*Work to be completed*
Which lines of the listing hold the string "lambda"? Show each of them.

*Records for this exercise*
▬▬▬▬▬▬

lemma system_opt_exists:
  assumes "feasible N \<mu> f"
  shows "\<exists>g. system_opt N c \<mu> g"
proof -
  define S where "S = Sigma (ods N) (Paths N)"
  define T where "T = product_topology (\<lambda>_::'i \<times> 'e list. euclideanreal) S"
  define vec where "vec g = restrict (case_prod g) S" for g :: "'i \<Rightarrow> 'e list \<Rightarrow> real"
  define load_vec where "load_vec G e = (\<Sum>ip\<in>{ip \<in> S. e \<in> set (snd ip)}. G ip :: real)" for G e
  \<comment> \<open>The absolute value keeps \<phi> continuous on all of \<real>; only x \<ge> 0 matters.\<close>
  define \<phi> where "\<phi> e x = t e * x + a e * \<bar>x\<bar> powr (\<beta> + 1)" for e x
  define F where "F G = (\<Sum>e\<in>edges N. \<phi> e (load_vec G e))" for G
  have fin: "finite (ods N)" "finite (edges N)" "finite S"
    using wf finite_Paths[OF wf] by (auto simp: wf_network_def S_def)
  have proj: "continuous_map T euclideanreal (\<lambda>G. G ip)" if "ip \<in> S" for ip
    using continuous_map_product_projection[OF that] by (simp add: T_def)
  have load_vec_cont: "continuous_map T euclideanreal (\<lambda>G. load_vec G e)" for e
    unfolding load_vec_def using fin(3) proj by (intro continuous_map_sum) auto
  have \<phi>_cont: "continuous_map euclideanreal euclideanreal (\<phi> e)" for e
    unfolding \<phi>_def using exponent_nonneg by (auto intro!: continuous_intros continuous_on_powr')
  have "continuous_map T euclideanreal (\<lambda>G. \<phi> e (load_vec G e))" for e
    using continuous_map_compose[OF load_vec_cont \<phi>_cont] by (simp add: o_def)
  then have "continuous_map T euclideanreal F"
    unfolding F_def using fin(2) by (intro continuous_map_sum)
  moreover have "compactin T (vec ` {g. feasible N \<mu> g})"
    using compactin_feasible_flows[OF wf] by (simp add: T_def vec_def S_def)
  moreover have "vec ` {g. feasible N \<mu> g} \<noteq> {}"
    using assms by blast
  ultimately obtain G
    where "G \<in> vec ` {g. feasible N \<mu> g}" "\<forall>G'\<in>vec ` {g. feasible N \<mu> g}. F G \<le> F G'"
    using continuous_map_attains_inf by blast
  then obtain g where g: "feasible N \<mu> g" "\<And>h. feasible N \<mu> h \<Longrightarrow> F (vec g) \<le> F (vec h)"
    by blast
  have "total_cost N c h = F (vec h)" if "feasible N \<mu> h" for h
  proof -
    have "load_vec (vec h) e = load N h e" for e
    proof -
      have "load_vec (vec h) e = (\<Sum>(i, p)\<in>S. if e \<in> set p then h i p else 0)"
        unfolding load_vec_def using fin(3) by (simp add: sum.inter_filter vec_def split_beta)
      also have "\<dots> = load N h e"
        using fin finite_Paths[OF wf] by (simp add: S_def sum.Sigma load_def)
      finally show ?thesis .
    qed
    moreover have "c e x * x = \<phi> e x" if "e \<in> edges N" "0 \<le> x" for e x
    proof -
      have "c e x * x = t e * x + a e * (x * rpow x \<beta>)"
        using that by (simp add: cost_eq algebra_simps)
      with that show ?thesis
        by (simp add: rpow_mult_self exponent_nonneg \<phi>_def)
    qed
    ultimately show ?thesis
      using load_nonneg[OF that] by (simp add: total_cost_eq_sum_edges[OF wf] F_def)
  qed
  with g show ?thesis
    unfolding system_opt_def by auto
qed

▬▬▬▬▬▬

*Solution below*
  define T where "T = product_topology (\<lambda>_::'i \<times> 'e list. euclideanreal) S"
  have proj: "continuous_map T euclideanreal (\<lambda>G. G ip)" if "ip \<in> S" for ip
  have load_vec_cont: "continuous_map T euclideanreal (\<lambda>G. load_vec G e)" for e
  have "continuous_map T euclideanreal (\<lambda>G. \<phi> e (load_vec G e))" for e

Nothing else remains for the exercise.